As used herein, “feed swing” refers to an arm connected to the feed component that interacts with the speedmech swingarm. As used herein, “pick mechanism” refers to the component of the printing device that grabs or picks the print media that will be used during the printing process. As used herein, “speedmech swingarm” refers to a component of the printing device that includes the speedmech swingarm gear and the speedmech swingarm connector gear and connects the gears of the feed component to the gears of the pick mechanism.

[0022] In some examples, as the feed swingarm of the feed component transitions to a second side of the gate shifter the feed swing may transition towards a speedmech swingarm. That is, the pick mechanism may be enabled as the feed component changes positions. As used herein, “enable” refers to the act of causing a device or component to be operational. For example, when the pick mechanism is enabled it may be able to operate as intended and perform its function. As used herein, “disable” refers to the act of causing a device or component to be inoperable. For example, when the pick mechanism is disabled it temporarily may not be able to perform its intended function.

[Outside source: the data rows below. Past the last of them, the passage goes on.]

lemma strict_chain_less:
  assumes "strict_chain m \<beta>" and "1 \<le> i" and "i < j" and "j \<le> m"
  shows "\<beta> i < \<beta> j"
  using assms(3,4)
proof (induction j)
  case (Suc j)
  have "\<beta> j < \<beta> (Suc j)"
    using assms(1,2) Suc.prems unfolding strict_chain_def by auto
  then show ?case
    using Suc by (cases "i = j") auto
qed simp

lemma admissible_interior:
  assumes "admissible m z w \<beta>" and m: "m = of_bool z + n + of_bool w" and "j < n"
  shows "0 < \<beta> (of_bool z + Suc j)" and "\<beta> (of_bool z + Suc j) < \<infinity>"
proof -
  have chain: "strict_chain m \<beta>"
    using assms(1) by (simp add: admissible_def)
  show "0 < \<beta> (of_bool z + Suc j)"
  proof (cases "of_bool z + Suc j = 1")
    case True
    then show ?thesis
      using assms(1) by (simp add: admissible_def)
  next
    case False
    then have "\<beta> 1 < \<beta> (of_bool z + Suc j)"
      using m assms(3) by (intro strict_chain_less [OF chain]) auto
    moreover have "0 \<le> \<beta> 1"
      using assms(1) by (auto simp: admissible_def split: if_splits)
    ultimately show ?thesis
      by simp
  qed
  show "\<beta> (of_bool z + Suc j) < \<infinity>"
  proof (cases w)
    case True
    then have "\<beta> (of_bool z + Suc j) < \<beta> m"
      using m assms(3) by (intro strict_chain_less [OF chain]) auto
    then show ?thesis
      using True assms(1) by (simp add: admissible_def)
  next
    case False
    then have "\<beta> (of_bool z + Suc j) \<le> \<beta> m"
      using m assms(3) strict_chain_less [OF chain, of "of_bool z + Suc j" m]
      by (cases "of_bool z + Suc j = m") auto
    moreover have "\<beta> m < \<infinity>"
      using False assms(1) by (simp add: admissible_def)
    ultimately show ?thesis
      by (rule le_less_trans)
  qed
qed

lemma admissible_pad_chain:
  assumes m: "m = of_bool z + n + of_bool w" and "1 \<le> n"
    and pos: "\<And>j. j < n \<Longrightarrow> 0 < x j" and mono: "\<And>j. Suc j < n \<Longrightarrow> x j < x (Suc j)"
  shows "admissible m z w (pad_chain z n x)"
  unfolding admissible_def
proof (intro conjI)
  show "if z then 0 = pad_chain z n x 1 else 0 < pad_chain z n x 1"
    using pos [of 0] assms(2) by (simp add: pad_chain_def)
  show "if w then pad_chain z n x m = \<infinity> else pad_chain z n x m < \<infinity>"
    using m by (simp add: pad_chain_def)
  show "strict_chain m (pad_chain z n x)"
    unfolding strict_chain_def
  proof
    fix i assume "i \<in> {1..<m}"
    then consider "i = of_bool z" | "of_bool z < i" "i < of_bool z + n" | "i = of_bool z + n"
      using m by (cases z; cases w; cases "i = of_bool z"; cases "i = of_bool z + n") auto
    then show "pad_chain z n x i < pad_chain z n x (i + 1)"
    proof cases
      case 1
      then show ?thesis
        using pos [of 0] assms(2) \<open>i \<in> {1..<m}\<close> by (simp add: pad_chain_def)
    next
      case 2
      then show ?thesis
        using mono [of "i - of_bool z - 1"] by (simp add: pad_chain_def Suc_diff_Suc)
    qed (simp add: pad_chain_def)
  qed
qed

lemma Sup_minG_nondegenerate:
  assumes m: "m = of_bool z + n + of_bool w" and "1 \<le> n"
  shows "Sup {minG m \<beta> | \<beta>. admissible m z w \<beta>} = ereal (2 + 2 * cos (chain_angle n z w))"
proof -
  let ?y = "equalizing_chain n z w" and ?c = "2 + 2 * cos (chain_angle n z w)"
  have "minG m (pad_chain z n ?y) = ereal (Min (G_chain z w n ?y ` {..n}))"
    using m by (intro minG_eq_Min_G_chain [OF m assms(2)]) (auto simp: pad_chain_def equalizing_chain_pos)
  also have "G_chain z w n ?y ` {..n} = {?c}"
    using G_chain_equalizing_chain [OF assms(2)] by auto
  finally have "minG m (pad_chain z n ?y) = ereal ?c"
    by simp
  moreover have "admissible m z w (pad_chain z n ?y)"
    using equalizing_chain_pos equalizing_chain_less by (intro admissible_pad_chain [OF m assms(2)])
  ultimately have attained: "ereal ?c \<in> {minG m \<beta> | \<beta>. admissible m z w \<beta>}"
    by (auto intro!: exI [of _ "pad_chain z n ?y"])
  have bounded: "s \<le> ereal ?c" if s_mem: "s \<in> {minG m \<beta> | \<beta>. admissible m z w \<beta>}" for s
  proof -
    obtain \<beta> where s: "s = minG m \<beta>" and adm: "admissible m z w \<beta>"
      using s_mem by blast
    have finite_pos: "e = ereal (real_of_ereal e) \<and> 0 < real_of_ereal e"
      if "0 < e" "e < \<infinity>" for e :: ereal
      using that by (cases e) auto
    define x where "x j = real_of_ereal (\<beta> (of_bool z + Suc j))" for j
    have x: "\<beta> (of_bool z + Suc j) = ereal (x j)" "0 < x j" if "j < n" for j
      using finite_pos [OF admissible_interior [OF adm m that]] unfolding x_def by auto
    have s_eq: "s = ereal (Min (G_chain z w n x ` {..n}))"
      unfolding s using adm x by (intro minG_eq_Min_G_chain [OF m assms(2)]) (auto simp: admissible_def)
    have "\<exists>k\<le>n. G_chain z w n x k \<le> ?c"
      by (intro G_chain_min_le_equalized [where y = ?y] assms(2) x(2)
          equalizing_chain_pos G_chain_equalizing_chain)
    then obtain k where "k \<le> n" "G_chain z w n x k \<le> ?c"
      by blast
    then have "Min (G_chain z w n x ` {..n}) \<le> ?c"
      by (intro Min.coboundedI [THEN order_trans]) auto
    then show "s \<le> ereal ?c"
      using s_eq by simp
  qed
  show ?thesis
    using attained bounded by (rule cSup_eq_maximum)
qed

[0023] For instance, as the feed swingarm connector gear rotates in a first direction, the feed swingarm may move to a second side of the gate shifter in addition, the feed swing may transition towards the speedmech swingarm as the feed swingarm transition to the second side of the gate shifter. The speedmech swingarm may lock the feed swing in position by transitioning the speedmech swingarm towards the gate shifter. In some examples, the gate shifter may transition into a closed position before the speedmech swingarm locks the feed swing into position. That is, the pick mechanism may be enabled by the speedmech swingarm locking the feed component into an active position when the gate shifter is in a closed position and the feed swingarm is on the second side of the gate shifter, as shown in Figure 4. In some examples, when the feed component is locked into an active position the feed swingarm is locked to the second side of the gate shifter and the feed swing is positioned between the speedmech swingarm gear and the speedmech swingarm. As used herein, “active position” refers to a position of the feed component that enables the pick mechanism. As used herein, "passive position” refers to a position of the feed component that disables the pick mechanism.

[0024] At 225, the method 220 may include contacting the feed swingarm connector gear to the speedmech swingarm gear In some examples, the feed swingarm connector gear may contact the speedmech swingarm gear when the feed component is locked into an active position. In some examples, when the feed swing contacts the speedmech swingarm the feed swingarm connector gear may be in contact with the speedmech swingarm gear. As used herein, “speedmech swingarm gear” refers to a toothed wheel connected to the speedmech swingarm that is in constant contact with the speedmech swingarm connector gear as if rotates in a first direction and a second direction and may contact other gears (e.g., the feed swingarm connector gear) as it rotates.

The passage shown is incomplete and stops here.